START RAW DATA

text \<open>If the coefficient B of S^2 x in the gradient vanished, so would the coefficient A of S x,
  but the coupling condition makes w A = 2 q r - p w + w^2 |S x|^2 positive.\<close>
lemma eigenvector_if_grad_eq_0:
  assumes "grad x = 0" and "x \<noteq> 0"
  shows "\<exists>k. S *v x = k *\<^sub>R x"
proof -
  define A where "A = 2 * r * quad_form S x + w * quad_form (S ** S) x - p"
  define B where "B = w * quad_form S x - q"
  have "grad x = 2 *\<^sub>R (S *v (A *\<^sub>R x + B *\<^sub>R (S *v x)))"
    unfolding grad_def A_def B_def
    by (simp add: matrix_vector_right_distrib matrix_vector_mult_scaleR matrix_vector_mul_assoc
        scaleR_add_right)
  then have AB: "A *\<^sub>R x + B *\<^sub>R (S *v x) = 0"
    using assms(1) S_eq_0_iff by simp
  have "B \<noteq> 0"
  proof
    assume "B = 0"
    then have "A = 0"
      using AB assms(2) by simp
    have "quad_form (S ** S) x > 0"
      unfolding quad_form_square_eq_inner[OF symmetric] using S_eq_0_iff assms(2) by simp
    then have "0 < (2 * q * r - p * w) + w * w * quad_form (S ** S) x"
      using coupling w_pos by (simp add: add_nonneg_pos)
    also have "\<dots> = w * A"
      using \<open>B = 0\<close> unfolding A_def B_def by (simp add: algebra_simps)
    finally show False
      using \<open>A = 0\<close> by simp
  qed
  have "S *v x = (1 / B) *\<^sub>R (B *\<^sub>R (S *v x))"
    using \<open>B \<noteq> 0\<close> by simp
  also have "B *\<^sub>R (S *v x) = - (A *\<^sub>R x)"
    using AB by (simp add: eq_neg_iff_add_eq_0 add.commute)
  also have "(1 / B) *\<^sub>R - (A *\<^sub>R x) = (- A / B) *\<^sub>R x"
    by simp
  finally show ?thesis ..
qed

lemma grad_crit_u_eq_0:
  "i \<in> {1..CARD('n)} \<Longrightarrow> s \<in> {-1, 1} \<Longrightarrow> grad ((s * crit_radius i) *\<^sub>R u i) = 0"
  using grad_scaled_u_eq_0_iff[of i "s * crit_radius i"] by auto

lemma grad_eq_0_cases:
  assumes simple: "inj_on sigma {1..CARD('n)}" and "grad x = 0"
  shows "x = 0 \<or>
    (\<exists>s i. x = (s * crit_radius i) *\<^sub>R u i \<and> s \<in> {-1, 1} \<and> i \<in> {1..CARD('n)})"
proof (cases "x = 0")
  case False
  then obtain i where i: "i \<in> {1..CARD('n)}" and "x = (x \<bullet> u i) *\<^sub>R u i"
    using eigenvector_eq_scaled_u[OF simple] eigenvector_if_grad_eq_0[OF \<open>grad x = 0\<close>] by blast
  then obtain c where x: "x = c *\<^sub>R u i" and "c \<noteq> 0"
    using False by (metis scale_zero_left)
  moreover have "grad (c *\<^sub>R u i) = 0"
    using \<open>grad x = 0\<close> x by simp
  ultimately have "c = crit_radius i \<or> c = - crit_radius i"
    using grad_scaled_u_eq_0_iff[OF i] by simp
  then have "x = (1 * crit_radius i) *\<^sub>R u i \<or> x = (-1 * crit_radius i) *\<^sub>R u i"
    using x by auto
  then show ?thesis
    using i by blast
qed simp

lemma crit_risk:
  assumes "inj_on sigma {1..CARD('n)}"
  shows "crit risk =
    {0} \<union> {(s * crit_radius i) *\<^sub>R u i | s i. s \<in> {-1, 1} \<and> i \<in> {1..CARD('n)}}"
  using crit_iff_gradient_eq_0[OF has_derivative_risk] grad_eq_0_cases[OF assms] grad_crit_u_eq_0
  by (auto simp: grad_def)

definition hess_eigval :: "nat \<Rightarrow> nat \<Rightarrow> real" where
  "hess_eigval i j = (if j = i then 4 * sigma i * (p + q * sigma i)
     else sigma j * (sigma i - sigma j) * (2 * q * r - p * w + q * w * sigma i) / (r + w * sigma i))"

lemma hess_scaled_u:
  assumes i: "i \<in> {1..CARD('n)}" and j: "j \<in> {1..CARD('n)}"
  shows "hess (c *\<^sub>R u i) (u j) =
    ((if j = i then 8 * c\<^sup>2 * (sigma i)\<^sup>2 * (r + w * sigma i) else 0)
     + 2 * sigma j * (2 * r * c\<^sup>2 * sigma i + w * c\<^sup>2 * (sigma i)\<^sup>2 - p
        + (w * c\<^sup>2 * sigma i - q) * sigma j)) *\<^sub>R u j"
  unfolding hess_def quad_form_S_scaled_u[OF i] quad_form_S_square_scaled_u[OF i]
  by (cases "j = i")
    (simp_all add: eigen[OF i] eigen_square[OF i] eigen[OF j] eigen_square[OF j] inner_u_u[OF i j] inner_u_u[OF i i]
      algebra_simps power2_eq_square flip: scaleR_add_left)

lemma hess_eigval_eq:
  assumes i: "i \<in> {1..CARD('n)}" and g: "g * (2 * sigma i * (r + w * sigma i)) = p + q * sigma i"
  shows "(if j = i then 8 * g * (sigma i)\<^sup>2 * (r + w * sigma i) else 0)
     + 2 * sigma j * (2 * r * g * sigma i + w * g * (sigma i)\<^sup>2 - p + (w * g * sigma i - q) * sigma j)
     = hess_eigval i j"
proof (cases "j = i")
  case True
  have "8 * g * (sigma i)\<^sup>2 * (r + w * sigma i)
      + 2 * sigma i * (2 * r * g * sigma i + w * g * (sigma i)\<^sup>2 - p + (w * g * sigma i - q) * sigma i)
    = 4 * sigma i * (g * (2 * sigma i * (r + w * sigma i)))
      + 2 * sigma i * (g * (2 * sigma i * (r + w * sigma i)) - (p + q * sigma i))"
    by (simp add: algebra_simps power2_eq_square)
  then show ?thesis
    unfolding g by (simp add: hess_eigval_def True)
next
  case False
  have "(q - w * g * sigma i) * (2 * (r + w * sigma i))
      = 2 * q * (r + w * sigma i) - w * (g * (2 * sigma i * (r + w * sigma i)))"
    by (simp add: algebra_simps)
  also have "\<dots> = 2 * q * r - p * w + q * w * sigma i"
    unfolding g by (simp add: algebra_simps)
  finally have q_minus: "q - w * g * sigma i = (2 * q * r - p * w + q * w * sigma i) / (2 * (r + w * sigma i))"
    using sigma_denominators_pos(1)[OF i] by (simp add: eq_divide_eq)
  have "2 * sigma j * (2 * r * g * sigma i + w * g * (sigma i)\<^sup>2 - p + (w * g * sigma i - q) * sigma j)
    = 2 * sigma j * ((g * (2 * sigma i * (r + w * sigma i)) - (p + q * sigma i))
        + (sigma i - sigma j) * (q - w * g * sigma i))"
    by (simp add: algebra_simps power2_eq_square)
  also have "\<dots> = hess_eigval i j"
    unfolding g q_minus hess_eigval_def using False sigma_denominators_pos(1)[OF i]
    by (simp add: field_simps)
  finally show ?thesis
    using False by simp
qed

lemma hess_crit_u:
  assumes i: "i \<in> {1..CARD('n)}" and j: "j \<in> {1..CARD('n)}" and s: "s \<in> {-1, 1}"
  shows "hess ((s * crit_radius i) *\<^sub>R u i) (u j) = hess_eigval i j *\<^sub>R u j"
proof -
  have g: "(s * crit_radius i)\<^sup>2 * (2 * sigma i * (r + w * sigma i)) = p + q * sigma i"
    using s crit_radius_square[OF i] sigma_denominators_pos(2)[OF i] by (auto simp: power_mult_distrib)
  show ?thesis
    unfolding hess_scaled_u[OF i j] hess_eigval_eq[OF i g] ..
qed

lemma hessian_crit_u:
  assumes "i \<in> {1..CARD('n)}" and "j \<in> {1..CARD('n)}" and "s \<in> {-1, 1}"
    and "is_hessian risk H ((s * crit_radius i) *\<^sub>R u i)"
  shows "H *v u j = hess_eigval i j *\<^sub>R u j"
  using is_hessian_apply[OF has_derivative_risk has_derivative_grad assms(4)] hess_crit_u[OF assms(1-3)]
  by simp

lemma is_hessian_risk: "is_hessian risk (matrix (hess x)) x"
  by (rule is_hessian_matrix[OF has_derivative_risk has_derivative_grad])

lemma hessian_0_neg_def:
  assumes "is_hessian risk H 0"
  shows "neg_def H"
  unfolding neg_def_def
proof (intro allI impI)
  fix v :: "real^'n"
  assume "v \<noteq> 0"
  have "v \<bullet> (H *v v) = v \<bullet> hess 0 v"
    using is_hessian_apply[OF has_derivative_risk has_derivative_grad assms] by simp
  also have "\<dots> = - 2 * p * quad_form S v - 2 * q * quad_form (S ** S) v"
    by (simp add: hess_def quad_form_def algebra_simps)
  also have "\<dots> < 0"
    using mult_pos_pos[OF p_pos quad_form_S_pos[OF \<open>v \<noteq> 0\<close>]]
      mult_nonneg_nonneg[OF less_imp_le[OF q_pos] quad_form_S_square_nonneg[of v]]
    by linarith
  finally show "v \<bullet> (H *v v) < 0" .
qed

lemma local_max_0: "local_max risk 0"
proof -
  define phi where "phi y = r * quad_form S y + w * quad_form (S ** S) y" for y
  have "continuous_on UNIV phi"
    unfolding phi_def
    using has_derivative_continuous[OF has_derivative_quad_form[OF symmetric]]
      has_derivative_continuous[OF has_derivative_quad_form[OF transpose_square_symmetric[OF symmetric]]]
    by (intro continuous_intros continuous_at_imp_continuous_on) auto
  then have "open {y. phi y < p}"
    by (rule open_Collect_less[OF _ continuous_on_const])
  moreover have "phi 0 < p"
    using p_pos by (simp add: phi_def quad_form_def)
  ultimately obtain e where "e > 0" and e: "ball 0 e \<subseteq> {y. phi y < p}"
    unfolding open_contains_ball by blast
  have "risk y \<le> risk 0" if "y \<in> ball 0 e" for y
  proof -
    have "risk y - risk 0 = quad_form S y * (phi y - p) - q * quad_form (S ** S) y"
      by (simp add: risk_def risk_poly_def phi_def quad_form_def algebra_simps power2_eq_square)
    also have "\<dots> \<le> 0"
      using e that mult_nonneg_nonpos[OF quad_form_S_nonneg[of y], of "phi y - p"]
        mult_nonneg_nonneg[OF less_imp_le[OF q_pos] quad_form_S_square_nonneg[of y]]
      by auto
    finally show ?thesis by simp
  qed
  then show ?thesis
    unfolding local_max_def using \<open>e > 0\<close> by blast
qed

lemma hess_eigval_diag_pos: "i \<in> {1..CARD('n)} \<Longrightarrow> hess_eigval i i > 0"
  using sigma_pos p_pos q_pos by (simp add: hess_eigval_def add_pos_pos)

lemma hess_eigval_off_diag_sign:
  assumes i: "i \<in> {1..CARD('n)}" and j: "j \<in> {1..CARD('n)}"
  shows "sigma j < sigma i \<Longrightarrow> hess_eigval i j > 0"
    and "sigma i < sigma j \<Longrightarrow> hess_eigval i j < 0"
proof -
  define F where "F = (2 * q * r - p * w + q * w * sigma i) / (r + w * sigma i)"
  have "2 * q * r - p * w + q * w * sigma i > 0"
    using coupling sigma_pos[OF i] q_pos w_pos by (simp add: add_nonneg_pos)
  then have "F > 0"
    unfolding F_def using sigma_denominators_pos(1)[OF i] by simp
  moreover have "hess_eigval i j = sigma j * (sigma i - sigma j) * F" if "sigma i \<noteq> sigma j"
    using that by (auto simp: hess_eigval_def F_def)
  ultimately show "sigma j < sigma i \<Longrightarrow> hess_eigval i j > 0"
    and "sigma i < sigma j \<Longrightarrow> hess_eigval i j < 0"
    using sigma_pos[OF j] by (simp_all add: mult_pos_neg mult_neg_pos)
qed

lemma has_eigenvalue_hessian_crit_u:
  assumes "i \<in> {1..CARD('n)}" and "j \<in> {1..CARD('n)}" and "s \<in> {-1, 1}"
    and "is_hessian risk H ((s * crit_radius i) *\<^sub>R u i)"
  shows "has_eigenvalue H (hess_eigval i j)"
  unfolding has_eigenvalue_def using hessian_crit_u[OF assms] u_nonzero[OF assms(2)] by blast

lemma pos_def_hessian_crit_u:
  assumes i: "i \<in> {1..CARD('n)}"
    and top: "\<And>j. j \<in> {1..CARD('n)} \<Longrightarrow> j \<noteq> i \<Longrightarrow> sigma j < sigma i"
    and "s \<in> {-1, 1}" and H: "is_hessian risk H ((s * crit_radius i) *\<^sub>R u i)"
  shows "pos_def H"
proof (rule pos_def_if_eigen_u)
  fix j
  assume j: "j \<in> {1..CARD('n)}"
  show "H *v u j = hess_eigval i j *\<^sub>R u j"
    by (rule hessian_crit_u[OF i j \<open>s \<in> {-1, 1}\<close> H])
  show "hess_eigval i j > 0"
    using hess_eigval_diag_pos[OF i] hess_eigval_off_diag_sign(1)[OF i j top[OF j]] by (cases "j = i") auto
qed

lemma indefinite_hessian_crit_u:
  assumes i: "i \<in> {1..CARD('n)}" and j: "j \<in> {1..CARD('n)}" and "sigma i < sigma j"
    and s: "s \<in> {-1, 1}" and H: "is_hessian risk H ((s * crit_radius i) *\<^sub>R u i)"
  shows "(\<exists>c>0. has_eigenvalue H c) \<and> (\<exists>c<0. has_eigenvalue H c)"
  using has_eigenvalue_hessian_crit_u[OF i i s H] hess_eigval_diag_pos[OF i]
    has_eigenvalue_hessian_crit_u[OF i j s H] hess_eigval_off_diag_sign(2)[OF i j \<open>sigma i < sigma j\<close>]
  by blast

lemma strict_saddle_crit_u:
  assumes "i \<in> {1..CARD('n)}" and "j \<in> {1..CARD('n)}" and "sigma i < sigma j" and "s \<in> {-1, 1}"
  shows "strict_saddle risk ((s * crit_radius i) *\<^sub>R u i)"
  unfolding strict_saddle_def
  using grad_crit_u_eq_0[OF assms(1,4)] crit_iff_gradient_eq_0[OF has_derivative_risk]
    is_hessian_risk indefinite_hessian_crit_u[OF assms(1-4)]
  by blast

text \<open>If w a \<le> q, raising b to k a does not increase the polynomial. Otherwise dropping
  the b-terms and then lowering a to q / w does not increase it either (this is where the coupling
  condition enters), and at a = q / w the b-terms vanish identically.\<close>
lemma risk_poly_cone_min:
  assumes "k > 0" and "a \<ge> 0" and "b \<ge> 0" and "b \<le> k * a"
  defines "a\<^sub>0 \<equiv> (p + q * k) / (2 * (r + w * k))"
  shows "risk_poly a\<^sub>0 (k * a\<^sub>0) \<le> risk_poly a b"
proof -
  have rwk: "r + w * k > 0"
    using r_pos w_pos \<open>k > 0\<close> by (simp add: add_pos_pos)
  have edge_min: "risk_poly a\<^sub>0 (k * a\<^sub>0) \<le> risk_poly x (k * x)" for x
  proof -
    have "risk_poly x (k * x) - risk_poly a\<^sub>0 (k * a\<^sub>0)
        = (r + w * k) * (x - a\<^sub>0)\<^sup>2 + (x - a\<^sub>0) * (2 * (r + w * k) * a\<^sub>0 - (p + q * k))"
      by (simp add: risk_poly_def algebra_simps power2_eq_square)
    also have "2 * (r + w * k) * a\<^sub>0 = p + q * k"
      using rwk unfolding a\<^sub>0_def by simp
    finally have "risk_poly x (k * x) - risk_poly a\<^sub>0 (k * a\<^sub>0) = (r + w * k) * (x - a\<^sub>0)\<^sup>2"
      by simp
    moreover have "(r + w * k) * (x - a\<^sub>0)\<^sup>2 \<ge> 0"
      using rwk by simp
    ultimately show ?thesis
      by linarith
  qed
  show ?thesis
  proof (cases "w * a \<le> q")
    case True
    have "(k * a - b) * (q - w * a) \<ge> 0"
      using True \<open>b \<le> k * a\<close> by simp
    then have "risk_poly a (k * a) \<le> risk_poly a b"
      by (simp add: risk_poly_def algebra_simps power2_eq_square)
    then show ?thesis
      using edge_min[of a] by simp
  next
    case False
    define y where "y = q / w"
    have "w * y = q"
      using w_pos by (simp add: y_def)
    have "y < a"
      using False w_pos by (simp add: y_def pos_divide_less_eq mult.commute)
    have "b * (w * a - q) \<ge> 0"
      using False \<open>b \<ge> 0\<close> by simp
    then have "risk_poly a 0 \<le> risk_poly a b"
      by (simp add: risk_poly_def algebra_simps)
    moreover have "p \<le> r * (a + y)"
    proof -
      have "p * w \<le> 2 * r * (w * y)"
        using coupling \<open>w * y = q\<close> by (simp add: mult_ac)
      then have "p \<le> 2 * r * y"
        using w_pos by (simp add: mult_ac)
      moreover have "r * (a - y) > 0"
        using \<open>y < a\<close> r_pos by simp
      ultimately show ?thesis
        by (simp add: algebra_simps)
    qed
    then have "(a - y) * (r * (a + y) - p) \<ge> 0"
      using \<open>y < a\<close> by simp
    then have "risk_poly y 0 \<le> risk_poly a 0"
      by (simp add: risk_poly_def algebra_simps power2_eq_square)
    moreover have "risk_poly y (k * y) = risk_poly y 0"
      using \<open>w * y = q\<close> by (simp add: risk_poly_def algebra_simps)
    ultimately show ?thesis
      using edge_min[of y] by linarith
  qed
qed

END RAW DATA

TASK DESCRIPTION | I'd like an exact copy of the lines above, from the very first one through the line that contains "unfolding grad_def A_def B_def", with nothing else added.

RESULT OF THIS TASK |
text \<open>If the coefficient B of S^2 x in the gradient vanished, so would the coefficient A of S x,
  but the coupling condition makes w A = 2 q r - p w + w^2 |S x|^2 positive.\<close>
lemma eigenvector_if_grad_eq_0:
  assumes "grad x = 0" and "x \<noteq> 0"
  shows "\<exists>k. S *v x = k *\<^sub>R x"
proof -
  define A where "A = 2 * r * quad_form S x + w * quad_form (S ** S) x - p"
  define B where "B = w * quad_form S x - q"
  have "grad x = 2 *\<^sub>R (S *v (A *\<^sub>R x + B *\<^sub>R (S *v x)))"
    unfolding grad_def A_def B_def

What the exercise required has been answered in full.